Epistemic Spot Check: The Tapping Solution (Nick Ortner)

This is part of a series called epistemic spot checks, in which I investigate claims a book makes to see if it’s worth paying attention to, without attempting to be comprehensive about it.

Introduction

This is a weird review to write.  I went into reading The Tapping Solution with two beliefs:

  1. The scientific claims would be far less supported than the author implies.  The best case scenario was “as terrible as your average therapy research.”
  2. The book’s prescriptions work for me anyway, in the sense that they make me calmer and happier and enable me to take better actions.

This book is about EFT, which stands for emotional freedom technique.

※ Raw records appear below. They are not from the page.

lemma division_rep_exists:
  assumes "P \<in> dop_over Ch"
  shows "\<exists>q R T. division_rep ord Q h r g P q R T"
proof -
  obtain D where D: "deg_bounded P D"
    using assms dop_over_wf wf_dop_iff_deg_bounded by blast
  have P_Ch: "coeff P e \<in> Ch" for e
    using assms by (rule dop_over_coeff)
  obtain Dg where Dg: "\<And>j. j < r \<Longrightarrow> deg_bounded (g j) Dg"
    using deg_bounded_uniform[where F = g and r = r] g_deg_bounded by metis
  define q where "q j = quotient_dop D (residue P D) j" for j
  define R where "R = remainder P D"
  define S where "S = (\<lambda>a b k. \<Sum>j<r. dmult (q j) (g j) a b k)"
  define T where "T = dminus (dminus P S) R"
  have coeff_T: "coeff T e = coeff P e - (\<Sum>j<r. coeff (dmult (q j) (g j)) e) - coeff R e" for e
    by (simp add: T_def S_def coeff_dminus coeff_sum)
  have "deg_bounded S (D + Dg)"
    unfolding S_def q_def by (intro deg_bounded_sum deg_bounded_dmult deg_bounded_quotient_dop Dg)
  moreover have "deg_bounded P (D + Dg)" "deg_bounded R (D + Dg)"
    using deg_bounded_mono[OF D] deg_bounded_mono[OF deg_bounded_remainder] by (simp_all add: R_def)
  ultimately have "deg_bounded T (D + Dg)"
    unfolding T_def by (intro deg_bounded_dminus)
  have "T \<in> dop_over Qh"
  proof (rule dop_overI)
    show "wf_dop T"
      using \<open>deg_bounded T (D + Dg)\<close> wf_dop_iff_deg_bounded by blast
    show "coeff T e \<in> Qh" for e
      using division_defect_in_Qh[OF D P_Ch, of e] by (simp add: coeff_T q_def R_def)
  qed
  moreover have "q j \<in> dop_over Ch" if "j < r" for j
    unfolding q_def using that residue_in_Ch[OF P_Ch] by (rule quotient_dop_in_Ch)
  moreover have "R \<in> dop_over Ch"
    unfolding R_def using P_Ch by (rule remainder_in_Ch)
  moreover have "coeff (q j) f \<noteq> 0 \<Longrightarrow> f + lexp j \<in> Delta lexp j" for j f
    by (simp add: q_def coeff_quotient_dop split: if_splits)
  moreover have "coeff R e \<noteq> 0 \<Longrightarrow> e \<in> Delta_bar lexp r" for e
    by (simp add: R_def coeff_remainder split: if_splits)
  ultimately have "division_rep ord Q h r g P q R T"
    unfolding division_rep_iff by (simp add: coeff_T)
  then show ?thesis
    by blast
qed

lemma Qh_if_mult_lc_in_Qh:
  assumes "j < r" and "x \<in> Ch" and "x * lc j \<in> Qh"
  shows "x \<in> Qh"
proof (rule ccontr)
  assume "x \<notin> Qh"
  then have "x \<notin> QCQ"
    using assms(2) Ch_QCQ_imp_Qh by blast
  then have "x * lc j \<notin> QCQ"
    using mult_notin_QCQ assms(1,2) lc_in_Ch lc_notin_QCQ by blast
  then show False
    using assms(3) Qh_subset_QCQ by blast
qed

lemma leading_part_eq_0_outside:
  assumes "deg_bounded q D" and "\<And>f. coeff q f \<noteq> 0 \<Longrightarrow> f + lexp j \<in> Delta lexp j"
    and "e \<notin> Delta lexp j"
  shows "leading_part D q j e = 0"
proof (cases "\<exists>f. e = f + lexp j")
  case True
  then obtain f where "e = f + lexp j" ..
  with assms have "coeff q f = 0"
    by blast
  then show ?thesis
    using leading_part_eq[OF assms(1)] \<open>e = f + lexp j\<close> by simp
next
  case False
  then show ?thesis
    by (intro leading_part_eq_0) blast
qed

lemma leading_parts_in_Qh:
  assumes "\<And>j. j < r \<Longrightarrow> deg_bounded (q j) D" and "\<And>j f. j < r \<Longrightarrow> coeff (q j) f \<in> Ch"
    and "\<And>j f. j < r \<Longrightarrow> e \<prec>\<^sub>h f + lexp j \<Longrightarrow> coeff (q j) f \<in> Qh"
    and "(\<Sum>j<r. coeff (dmult (q j) (g j)) e) + c \<in> Qh"
  shows "(\<Sum>j<r. leading_part D (q j) j e) + c \<in> Qh"
proof -
  let ?U = "\<Sum>j<r. upper_part D (q j) j e"
  let ?L = "\<Sum>j<r. leading_part D (q j) j e"
  let ?W = "\<Sum>j<r. lower_part D (q j) j e"
  have "(\<Sum>j<r. coeff (dmult (q j) (g j)) e) =
      (\<Sum>j<r. upper_part D (q j) j e + leading_part D (q j) j e + lower_part D (q j) j e)"
    by (rule sum.cong) (simp_all add: coeff_dmult_split assms(1))
  also have "\<dots> = ?U + ?L + ?W"
    by (simp only: sum.distrib)
  finally have "(\<Sum>j<r. coeff (dmult (q j) (g j)) e) = ?U + ?L + ?W" .
  then have eq: "?L + c = ((\<Sum>j<r. coeff (dmult (q j) (g j)) e) + c) - ?U - ?W"
    by (simp add: algebra_simps)
  have "?U \<in> Qh"
    using assms(3) by (intro Qh_sum upper_part_in_Qh) simp_all
  moreover have "?W \<in> Qh"
    using assms(2) by (intro Qh_sum lower_part_in_Qh) simp_all
  ultimately show ?thesis
    unfolding eq by (intro Qh_diff assms(4))
qed

lemma coeff_in_Qh_at_Delta_bar:
  assumes "e \<in> Delta_bar lexp r" and "\<And>j. j < r \<Longrightarrow> deg_bounded (q j) D"
    and q_supp: "\<And>j f. j < r \<Longrightarrow> coeff (q j) f \<noteq> 0 \<Longrightarrow> f + lexp j \<in> Delta lexp j"
    and "(\<Sum>j<r. leading_part D (q j) j e) + c \<in> Qh"
  shows "c \<in> Qh" and "j < r \<Longrightarrow> e = f + lexp j \<Longrightarrow> coeff (q j) f \<in> Qh"
proof -
  have outside: "e \<notin> Delta lexp j" if "j < r" for j
    using assms(1) that Delta_bar_iff by blast
  have "leading_part D (q j) j e = 0" if "j < r" for j
    by (rule leading_part_eq_0_outside[OF assms(2)[OF that] q_supp[OF that] outside[OF that]])
  then have "(\<Sum>j<r. leading_part D (q j) j e) = 0"
    by (intro sum.neutral) simp
  then show "c \<in> Qh"
    using assms(4) by simp
  show "coeff (q j) f \<in> Qh" if "j < r" "e = f + lexp j"
  proof -
    have "coeff (q j) f = 0"
      using q_supp outside that by blast
    then show ?thesis
      using Qh_0 by simp
  qed
qed

lemma coeff_in_Qh_at_Delta:
  assumes "j0 < r" and "e \<in> Delta lexp j0"
    and qD: "\<And>j. j < r \<Longrightarrow> deg_bounded (q j) D" and q_Ch: "\<And>j f. j < r \<Longrightarrow> coeff (q j) f \<in> Ch"
    and q_supp: "\<And>j f. j < r \<Longrightarrow> coeff (q j) f \<noteq> 0 \<Longrightarrow> f + lexp j \<in> Delta lexp j"
    and "(\<Sum>j<r. leading_part D (q j) j e) \<in> Qh"
  shows "j < r \<Longrightarrow> e = f + lexp j \<Longrightarrow> coeff (q j) f \<in> Qh"
proof -
  obtain f0 where f0: "e = f0 + lexp j0"
    using assms(2) Delta_subset_cone cone_iff by (metis add.commute subsetD)
  have outside: "e \<notin> Delta lexp j" if "j \<noteq> j0" for j
    using assms(2) Delta_disjoint that by blast
  have "leading_part D (q j) j e = 0" if "j < r" "j \<noteq> j0" for j
    by (rule leading_part_eq_0_outside[OF qD[OF that(1)] q_supp[OF that(1)] outside[OF that(2)]])
  then have "(\<Sum>j<r. leading_part D (q j) j e) = leading_part D (q j0) j0 e"
    using assms(1) by (simp add: sum.remove[of "{..<r}" j0])
  also have "\<dots> = coeff (q j0) f0 * lc j0"
    using leading_part_eq[OF qD[OF assms(1)]] f0 by simp
  finally have "coeff (q j0) f0 \<in> Qh"
    using assms(6) Qh_if_mult_lc_in_Qh[OF assms(1) q_Ch[OF assms(1)]] by simp
  moreover assume "j < r" "e = f + lexp j"
  moreover have "coeff (q j) f = 0" if "j \<noteq> j0"
    using q_supp outside that \<open>j < r\<close> \<open>e = f + lexp j\<close> by blast
  ultimately show "coeff (q j) f \<in> Qh"
    using f0 Qh_0 by (cases "j = j0") simp_all
qed

lemma coeff_in_Qh_step:
  assumes "\<And>j. j < r \<Longrightarrow> deg_bounded (q j) D" and "\<And>j f. j < r \<Longrightarrow> coeff (q j) f \<in> Ch"
    and "\<And>j f. j < r \<Longrightarrow> coeff (q j) f \<noteq> 0 \<Longrightarrow> f + lexp j \<in> Delta lexp j"
    and R_supp: "\<And>e. coeff R e \<noteq> 0 \<Longrightarrow> e \<in> Delta_bar lexp r"
    and "(\<Sum>j<r. coeff (dmult (q j) (g j)) e) + coeff R e \<in> Qh"
    and "\<And>j f. j < r \<Longrightarrow> e \<prec>\<^sub>h f + lexp j \<Longrightarrow> coeff (q j) f \<in> Qh"
  shows "(\<forall>j<r. \<forall>f. e = f + lexp j \<longrightarrow> coeff (q j) f \<in> Qh) \<and> coeff R e \<in> Qh"
proof -
  have lead: "(\<Sum>j<r. leading_part D (q j) j e) + coeff R e \<in> Qh"
    using assms(1,2,6,5) by (rule leading_parts_in_Qh)
  show ?thesis
  proof (cases "e \<in> Delta_bar lexp r")
    case True
    then show ?thesis
      using coeff_in_Qh_at_Delta_bar[OF True assms(1,3) lead] by blast
  next
    case False
    then obtain j0 where "j0 < r" "e \<in> Delta lexp j0"
      by (auto simp: Delta_bar_iff)
    moreover have "coeff R e = 0"
      using False R_supp by blast
    ultimately show ?thesis
      using coeff_in_Qh_at_Delta[OF _ _ assms(1-3)] lead Qh_0 by fastforce
  qed
qed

I write that in a very small font in the hopes you won’t notice how stupid it sounds.  EFT is also known as tapping, because the primary action is tapping your fingers against your face.

I originally learned about EFT in a book that went full blown magic about it: you tap your fingers on your face, it changes energy currents in your body, and the universe magically gives you what you want.  There’s no point evaluating the science in books like that; they are what they are.   The Tapping Solution markets itself as the more studious cousin of that book.  It keeps the energy channels but backs off the magic gifts claim, offering the much more defensible explanation that tapping changes something in you that lets you create better outcomes.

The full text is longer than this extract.